While data quality is by no means a technology problem or one that technology alone can solve, a good software solution can create a platform around which the right processes can be built to achieve and maintain better data governance. Here are a set of key requirements which should appear in any data quality solution RFP:
- Data profiling/validation rule generation – appropriate analysis of existing data structures and content in order to determine rules for ongoing data validation and exceptions reporting.
- Initial database address standardisation and de-duplication perform initial address standardisation to local postal authority conventions, appending an address quality score to each record. Conduct org level de-duplication on the standardised data at country and site level and once organisations have been de-duped, conduct an individual level de-dupe at organisation level.
- Operational data processing – ongoing ad hoc data loads from internal and external sources, requiring address standardisation and merge/append (i.e. de-duplication) processing for loading to the main database. Monitoring and reporting of data validity and rule compliancy.
- Monitoring and maintenance – proactive identification of data quality issues resulting from invalid data loads or user updates. Present data requiring review/correction to appropriate users in order that amendments can be made and then prepared for loading back into the central database.

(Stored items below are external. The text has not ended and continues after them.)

text \<open>Along the word the vectors delta^k, k = 1..n, remain a basis of Z^n: the letter j
  replaces delta^i by delta^i - delta^j for i in Y - {j}, an elementary change of basis.
  In this basis every element of B has nonnegative coordinates at the indices in Y: the letters
  j and j^infinity add nonnegative multiples of delta^j, the letter ext after j^infinity adds
  integer multiples of delta^j but removes j from Y, and the change of basis caused by j only
  adds the coordinates at Y - {j} to the one at j. An element of B \<inter> Z therefore has
  vanishing coordinates at Y, i.e. it lies in the integer span of the delta^j with j in X.
  That span is V, which lies in B and is symmetric, hence also in Z.\<close>

lemma of_int_fun_apply [simp]: "(of_int k :: 'a \<Rightarrow> 'b::ring_1) x = of_int k"
proof (cases k rule: int_cases)
  case (nonneg m) then show ?thesis by simp
next
  case (neg m) then show ?thesis by (simp del: of_nat_Suc)
qed

lemma Xw_Nil [simp]: "Xw [] = {}"
  by (auto simp: Xw_def)

lemma Xw_snoc: "Xw (u @ [a]) = Xw u \<union> {k. a = Ext \<and> u \<noteq> [] \<and> last u = Inf k}"
proof (intro equalityI subsetI)
  fix j assume "j \<in> Xw (u @ [a])"
  then obtain x v where e: "u @ [a] = x @ [Inf j, Ext] @ v" by (auto simp: Xw_def)
  show "j \<in> Xw u \<union> {k. a = Ext \<and> u \<noteq> [] \<and> last u = Inf k}"
  proof (cases v rule: rev_cases)
    case Nil then show ?thesis using e by auto
  next
    case (snoc v' b) then have "u = x @ [Inf j, Ext] @ v'" using e by auto
    then show ?thesis by (auto simp: Xw_def)
  qed
next
  fix j assume "j \<in> Xw u \<union> {k. a = Ext \<and> u \<noteq> [] \<and> last u = Inf k}"
  then show "j \<in> Xw (u @ [a])"
  proof
    assume "j \<in> Xw u"
    then obtain x v where "u = x @ [Inf j, Ext] @ v" by (auto simp: Xw_def)
    then have "u @ [a] = x @ [Inf j, Ext] @ (v @ [a])" by simp
    then show ?thesis by (auto simp: Xw_def)
  next
    assume h: "j \<in> {k. a = Ext \<and> u \<noteq> [] \<and> last u = Inf k}"
    then have "u = butlast u @ [Inf j]" by (metis (mono_tags) append_butlast_last_id mem_Collect_eq)
    then have "u @ [a] = butlast u @ [Inf j, Ext] @ []" using h
      by (metis append.assoc append_Cons append_Nil append_Nil2 mem_Collect_eq)
    then show ?thesis unfolding Xw_def by blast
  qed
qed

lemma Xw_snoc_Fin [simp]: "Xw (u @ [Fin j]) = Xw u"
  by (simp add: Xw_snoc)

lemma Xw_snoc_Inf [simp]: "Xw (u @ [Inf j]) = Xw u"
  by (simp add: Xw_snoc)

lemma Xw_snoc_Inf_Ext [simp]: "Xw (u @ [Inf j, Ext]) = insert j (Xw u)"
  using Xw_snoc[of "u @ [Inf j]" Ext] by auto

lemma Yw_snoc_Fin [simp]: "Yw n (u @ [Fin j]) = Yw n u"
  by (simp add: Yw_def)

lemma Yw_snoc_Inf [simp]: "Yw n (u @ [Inf j]) = Yw n u"
  by (simp add: Yw_def)

lemma Yw_snoc_Inf_Ext [simp]: "Yw n (u @ [Inf j, Ext]) = Yw n u - {j}"
  by (auto simp: Yw_def)

lemma finite_Yw [simp]: "finite (Yw n w)"
  by (rule finite_subset[of _ "{1..n}"]) (auto simp: Yw_def)

lemma admissible_appendD:
  assumes "admissible n (u @ v)" shows "admissible n u"
proof -
  have nth: "(u @ v) ! i = u ! i" if "i < length u" for i
    using that by (simp add: nth_append)
  note adm = assms[unfolded admissible_def]
  show ?thesis unfolding admissible_def
  proof (intro conjI allI impI)
    show "\<forall>l\<in>set u. letter_ok n l" using adm by simp
  next
    fix p q j assume "p < q \<and> q < length u \<and> u ! p = Inf j"
    then show "u ! q \<noteq> Fin j" "u ! q \<noteq> Inf j"
      using adm nth[of p] nth[of q] by auto
  next
    fix p j assume "Suc p < length u \<and> u ! p = Inf j"
    then show "u ! Suc p = Ext"
      using adm nth[of p] nth[of "Suc p"] by auto
  next
    fix p assume p: "p < length u \<and> u ! p = Ext"
    then have "0 < p \<and> (\<exists>j. (u @ v) ! (p - 1) = Inf j)"
      using adm nth[of p] by auto
    then show "0 < p" "\<exists>j. u ! (p - 1) = Inf j"
      using p nth[of "p - 1"] by (auto simp: less_imp_diff_less)
  qed
qed

lemma admissible_letter_ok: "admissible n w \<Longrightarrow> \<forall>l\<in>set w. letter_ok n l"
  by (simp add: admissible_def)

lemma admissible_Xw_subset: "admissible n w \<Longrightarrow> Xw w \<subseteq> {1..n}"
  by (auto simp: Xw_def admissible_def letter_ok_def)

lemma admissible_snoc_Fin: "admissible n (u @ [Fin j]) \<Longrightarrow> j \<in> Yw n u"
proof -
  assume adm: "admissible n (u @ [Fin j])"
  have "j \<in> {1..n}" using adm by (simp add: admissible_def letter_ok_def)
  moreover have "j \<notin> Xw u"
  proof
    assume "j \<in> Xw u"
    then obtain x v where u: "u = x @ [Inf j, Ext] @ v" by (auto simp: Xw_def)
    let ?w = "u @ [Fin j]"
    have "length x < length u" "length u < length ?w" "?w ! length x = Inf j" "?w ! length u = Fin j"
      using u by (auto simp: nth_append)
    then show False using adm unfolding admissible_def by blast
  qed
  ultimately show ?thesis by (simp add: Yw_def)
qed

lemma admissible_snoc_Inf_Ext: "admissible n (u @ [Inf j, Ext]) \<Longrightarrow> j \<notin> Xw u"
proof
  assume adm: "admissible n (u @ [Inf j, Ext])" and "j \<in> Xw u"
  then obtain x v where u: "u = x @ [Inf j, Ext] @ v" by (auto simp: Xw_def)
  let ?w = "u @ [Inf j, Ext]"
  have "length x < length u" "length u < length ?w" "?w ! length x = Inf j" "?w ! length u = Inf j"
    using u by (auto simp: nth_append)
  then show False using adm unfolding admissible_def by blast
qed

lemma admissible_rev_Ext: "admissible n (rev (Ext # r)) \<Longrightarrow> \<exists>j r'. r = Inf j # r'"
proof -
  assume adm: "admissible n (rev (Ext # r))"
  let ?w = "rev r @ [Ext]"
  have "length r < length ?w" "?w ! length r = Ext" by (simp_all add: nth_append)
  then obtain j where "0 < length r" "?w ! (length r - 1) = Inf j"
    using adm unfolding admissible_def by auto
  then show ?thesis by (cases r) (auto simp: nth_append)
qed

text \<open>coordR n r v is the coordinate vector of v in the basis deltaR n k r, k = 1..n
  (sum_coordR_deltaR below); the letter Fin j is undone by crediting the coordinates at
  Y - {j} to the one at j.\<close>

fun coordR :: "nat \<Rightarrow> letter list \<Rightarrow> vec \<Rightarrow> vec" where
  "coordR n [] v = v"
| "coordR n (Fin j # r) v =
     (coordR n r v)(j := coordR n r v j + (\<Sum>i\<in>Yw n (rev r) - {j}. coordR n r v i))"
| "coordR n (Inf j # r) v = coordR n r v"
| "coordR n (Ext # r) v = coordR n r v"

lemma coordR_add: "coordR n r (v + u) = coordR n r v + coordR n r u"
  by (induction n r v rule: coordR.induct) (auto simp: sum.distrib fun_eq_iff)

lemma coordR_uminus: "coordR n r (- v) = - coordR n r v"
  by (induction n r v rule: coordR.induct) (auto simp: sum_negf fun_eq_iff)

lemma coordR_diff: "coordR n r (v - u) = coordR n r v - coordR n r u"
  by (metis coordR_add coordR_uminus diff_conv_add_uminus)

lemma coordR_zero: "coordR n r 0 = 0"
  by (metis coordR_diff diff_self)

- Profiling and metrics – ongoing data quality metrics (consistency, completeness, frequency counts, scoring) and intervention reporting (duplicates identified and removed, automated validity amendments, manual corrections) based on set rules. Presentation via dashboard type report for easy review.
- Online data capture real-time validation, standardisation and enhancement of data captured via web-based forms, including contact name and job title, email, telephone number and other elements. Apply formatting to all data (capitalisation etc) and telephone (local presentation conventions). Process captured data to be merge/appended to the main database.
It’s not a comprehensive list, but it’s a good start.